News Release
FOR IMMEDIATE RELEASE
June 19, 2009
Contact: Special Agent Ramona Sanchez
Number: 602 664-5725

Large Scale Cocaine Trafficker Found Guilty of Drug Trafficking and Money Laundering
30-Year Fugitive Had Ten Fingers Surgically Altered to Evade Capture

- Notice the scarring on the fingertips
- Notice the scarring on the fingertips

JUN 19 -- PHOENIX – William Wallace Keegan, aka Richard Alan King, of Palm Harbor, Florida (and previously of San Diego, California), was found guilty on Wednesday after a 10-day jury trial in federal district court of one count of Conspiracy to Possess With Intent to Distribute Five Kilograms or More of Cocaine, four counts of Possession With Intent To Distribute Five Kilograms or More of Cocaine, and one Count of Conspiracy to Commit Money Laundering.

“Justice was served today with the conviction of William Wallace Keegan as this verdict put an end to a nationwide drug trafficking enterprise that spanned over three decades,” said DEA Special Agent in Charge Elizabeth W. Kempshall.  “This investigation and prosecution exemplifies the commitment and determination of DEA and our partners in law enforcement to ensure that criminals who peddle in these poisons and wreak havoc in our communities will be never escape from facing the consequences of their criminal activities.”        
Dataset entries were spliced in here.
lemma expected_rent_has_integral:
  assumes g: "g integrable_on {tlo..thi}" "\<And>\<theta>. \<theta> \<in> {tlo..thi} \<Longrightarrow> \<bar>g \<theta>\<bar> \<le> C"
  shows "((\<lambda>\<theta>. integral {tlo..\<theta>} g * f \<theta> - g \<theta> * (1 - F \<theta>)) has_integral 0) {tlo..thi}"
proof -
  have "continuous_on {tlo..thi} (\<lambda>\<theta>. 1 - F \<theta>)"
    using cdf_continuous by (intro continuous_intros)
  then have "((\<lambda>\<theta>. integral {tlo..\<theta>} g * f \<theta> - (1 - F \<theta>) * g \<theta>) has_integral
      integral {tlo..thi} (\<lambda>\<theta>. integral {tlo..\<theta>} g * f \<theta>)
      - integral {tlo..thi} (\<lambda>\<theta>. (1 - F \<theta>) * g \<theta>)) {tlo..thi}"
    using integrable_on_continuous_mult[OF indefinite_integral_continuous_1[OF g(1)]
        density_integrable density_abs_le] integrable_on_continuous_mult[OF _ g]
    by (intro has_integral_diff integrable_integral) auto
  moreover have "integral {tlo..thi} (\<lambda>\<theta>. integral {tlo..\<theta>} g * f \<theta>)
      = integral {tlo..thi} (\<lambda>\<theta>. g \<theta> * (1 - F \<theta>))"
    using integration_by_parts_indefinite_integrals[OF types g density_integrable density_abs_le cdf]
    by (simp add: cdf_top)
  ultimately show ?thesis by (simp add: mult.commute)
qed

lemma revenue_has_integral:
  assumes mech: "mechanism tlo thi xlo xhi q X p" and ic: "IC v tlo thi q X p"
  shows "((\<lambda>\<theta>. virtual_surplus q X \<theta> * f \<theta>) has_integral
      revenue f tlo thi p + indirect_utility q X p tlo) {tlo..thi}"
proof -
  define g where "g = expected_consumption q X"
  define U0 where "U0 = indirect_utility q X p tlo"
  have "((\<lambda>\<theta>. p \<theta> * f \<theta> + U0 * f \<theta>) has_integral revenue f tlo thi p + U0) {tlo..thi}"
    using payment_density_integrable[OF mech ic]
      has_integral_mult_right[OF integrable_integral[OF density_integrable], of U0] cdf[of thi] types
    by (intro has_integral_add) (auto simp: revenue_def cdf_top)
  then have "((\<lambda>\<theta>. p \<theta> * f \<theta> + U0 * f \<theta> + (integral {tlo..\<theta>} g * f \<theta> - g \<theta> * (1 - F \<theta>))) has_integral
      revenue f tlo thi p + U0 + 0) {tlo..thi}"
    unfolding g_def
    using expected_rent_has_integral[OF expected_consumption_integrable[OF mech ic]
        expected_consumption_abs_le[OF mech]]
    by (rule has_integral_add)
  moreover have "p \<theta> * f \<theta> + U0 * f \<theta> + (integral {tlo..\<theta>} g * f \<theta> - g \<theta> * (1 - F \<theta>))
      = virtual_surplus q X \<theta> * f \<theta>" if "\<theta> \<in> {tlo..thi}" for \<theta>
  proof -
    have "virtual_surplus q X \<theta> * f \<theta> = q \<theta> * exp_util v (X \<theta>) \<theta> * f \<theta> - g \<theta> * (1 - F \<theta>)"
      using density_pos[OF that] by (simp add: virtual_surplus_def g_def left_diff_distrib)
    moreover have "q \<theta> * exp_util v (X \<theta>) \<theta> = p \<theta> + U0 + integral {tlo..\<theta>} g"
      using indirect_utility_eq_integral[OF mech ic that]
      by (simp add: indirect_utility_def U0_def g_def)
    ultimately show ?thesis by (simp add: algebra_simps)
  qed
  ultimately have "((\<lambda>\<theta>. virtual_surplus q X \<theta> * f \<theta>) has_integral revenue f tlo thi p + U0 + 0) {tlo..thi}"
    by (rule has_integral_eq[rotated])
  then show ?thesis by (simp add: U0_def)
qed

lemma virtual_surplus_le:
  assumes mech: "mechanism tlo thi xlo xhi q X p" and \<theta>: "\<theta> \<in> {tlo..thi}"
  shows "virtual_surplus q X \<theta> \<le> v (consumption \<theta>) + virt F f \<theta> * consumption \<theta>"
proof -
  note L = mechanism_lottery[OF mech \<theta>] and q = mechanism_prob[OF mech \<theta>]
  define h where "h = (1 - F \<theta>) / f \<theta>"
  have "(\<integral>y. util v y \<theta> - h * min y (xe v xhi \<theta>) \<partial>X \<theta>) \<le> v (consumption \<theta>) + virt F f \<theta> * consumption \<theta>"
  proof (rule lottery_integral_le[OF L])
    show "integrable (X \<theta>) (\<lambda>y. util v y \<theta> - h * min y (xe v xhi \<theta>))"
      using integrable_util[OF L] integrable_min_xe[OF L] by auto
    fix y assume "y \<in> {xlo..xhi}"
    then show "util v y \<theta> - h * min y (xe v xhi \<theta>) \<le> v (consumption \<theta>) + virt F f \<theta> * consumption \<theta>"
      using virtual_surplus_consumption_max[OF \<theta>] util_eq[of y \<theta>] allocs
      by (simp add: virt_def h_def algebra_simps)
  qed
  then have "exp_util v (X \<theta>) \<theta> - h * (\<integral>y. min y (xe v xhi \<theta>) \<partial>X \<theta>)
      \<le> v (consumption \<theta>) + virt F f \<theta> * consumption \<theta>"
    using integrable_util[OF L] integrable_min_xe[OF L] by (simp add: exp_util_def)
  then have "q \<theta> * (exp_util v (X \<theta>) \<theta> - h * (\<integral>y. min y (xe v xhi \<theta>) \<partial>X \<theta>))
      \<le> q \<theta> * (v (consumption \<theta>) + virt F f \<theta> * consumption \<theta>)"
    using q by (intro mult_left_mono) auto
  then have "virtual_surplus q X \<theta> \<le> q \<theta> * (v (consumption \<theta>) + virt F f \<theta> * consumption \<theta>)"
    by (simp add: virtual_surplus_def expected_consumption_def h_def algebra_simps)
  also have "\<dots> \<le> v (consumption \<theta>) + virt F f \<theta> * consumption \<theta>"
    using q virtual_surplus_consumption_nonneg[OF \<theta>] by (intro mult_left_le_one_le) auto
  finally show ?thesis .
qed

lemma virtual_surplus_opt:
  "virtual_surplus (\<lambda>_. 1) (\<lambda>\<theta>. return borel (xopt \<theta>)) \<theta> = v (consumption \<theta>) + virt F f \<theta> * consumption \<theta>"
proof -
  have "(\<integral>y. min y (xe v xhi \<theta>) \<partial>return borel (xopt \<theta>)) = consumption \<theta>"
    by (subst integral_return) (auto simp: consumption_def min.commute)
  then show ?thesis
    by (simp add: virtual_surplus_def expected_consumption_def exp_util_return util_xopt virt_def
        algebra_simps)
qed

theorem revenue_le_opt:
  assumes "mechanism tlo thi xlo xhi q X p" "IC v tlo thi q X p" "IR v tlo thi q X p"
  shows "revenue f tlo thi p \<le> revenue f tlo thi popt"
proof -
  have "revenue f tlo thi p + indirect_utility q X p tlo \<le> revenue f tlo thi popt + 0"
  proof (rule has_integral_le[OF revenue_has_integral[OF assms(1,2)]])
    show "((\<lambda>\<theta>. virtual_surplus (\<lambda>_. 1) (\<lambda>\<theta>. return borel (xopt \<theta>)) \<theta> * f \<theta>) has_integral
        revenue f tlo thi popt + 0) {tlo..thi}"
      using revenue_has_integral[OF opt_mechanism opt_IC] payoff_opt[of tlo]
      by (simp add: indirect_utility_def exp_util_return)
    show "virtual_surplus q X \<theta> * f \<theta> \<le> virtual_surplus (\<lambda>_. 1) (\<lambda>\<theta>. return borel (xopt \<theta>)) \<theta> * f \<theta>"
      if "\<theta> \<in> {tlo..thi}" for \<theta>
      using virtual_surplus_le[OF assms(1) that] density_nonneg[OF that]
      by (simp add: virtual_surplus_opt mult_right_mono)
  qed
  moreover have "0 \<le> indirect_utility q X p tlo"
    using assms(3) types unfolding IR_def indirect_utility_def by auto
  ultimately show ?thesis by simp
qed

end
The evidence presented at trial showed that between November 2005 and January 2008, Keegan and co-conspirators acquired cocaine in Arizona and transported it, primarily via the United States Postal Service, to New York.  Keegan had previously been trafficking marijuana from Arizona and California to New York and elsewhere when he shifted to cocaine in 2005.  During the early part of the conspiracy, Keegan, who used the false identity of Richard King, traveled to Arizona and personally took possession of the cocaine from Arizona sources of supply.  As the conspiracy progressed, Keegan had co-conspirators mail the cocaine to him at various hotels in Long Island, New York.  Keegan was caught by law enforcement through an undercover DEA operation in Hauppauge, New York where he accepted suitcases containing 38 kilograms of sham cocaine.  The conspiracy was responsible for well over 150 kilograms of cocaine with a value of more than $2 million.

The money was used in part to promote the illegal drug business, resulting in the money laundering conviction.  The evidence showed that Keegan, in an effort to evade capture, had all 10 fingers surgically altered in the 1990s to obliterate his fingerprints above the first joint.  A DEA forensic fingerprint analyst was able to match the lower joint fingerprints from the arrest under the name of Richard King in January 2008 with a 1977 arrest, confirming his identity as William Wallace Keegan.                

“The defendant did everything he could to hide his identity and to hide his drug trafficking from the law,” stated Diane J. Humetewa, U.S. Attorney for the District of Arizona.  “With this conviction, he can no longer hide and a long time drug dealer is off the streets.  This successful conclusion demonstrates the dogged commitment and excellent coordination of federal, state and local law enforcement agencies to see justice served no matter how long it takes.”

Sentencing for Keegan is set before Judge Susan R. Bolton on September 14, 2009. Convictions for Conspiracy to Possess With Intent to Distribute Five Kilograms or More of Cocaine, and Possession With Intent To Distribute Five Kilograms or More of Cocaine, each carries a mandatory minimum sentence of 10 years, to a maximum penalty of life, in prison, up to a $4,000,000 fine or both. A conviction for Conspiracy to Commit Money Laundering provides for a maximum sentence of 20 years in prison, up to a $500,000 fine, or both.  In determining an actual sentence, Judge Bolton will consult the U.S. Sentencing Guidelines, which provide appropriate sentencing ranges.  The judge, however, is not bound by those guidelines in determining a sentence.

The investigation in this case was conducted by the Drug Enforcement Administration in Phoenix, Long Island, New York, the Arizona Department of Public Safety and the Chandler Police Department. The prosecution is being handled by James B. Morse Jr. and Brian G. Larson, Assistant U.S. Attorneys, District of Arizona, Phoenix.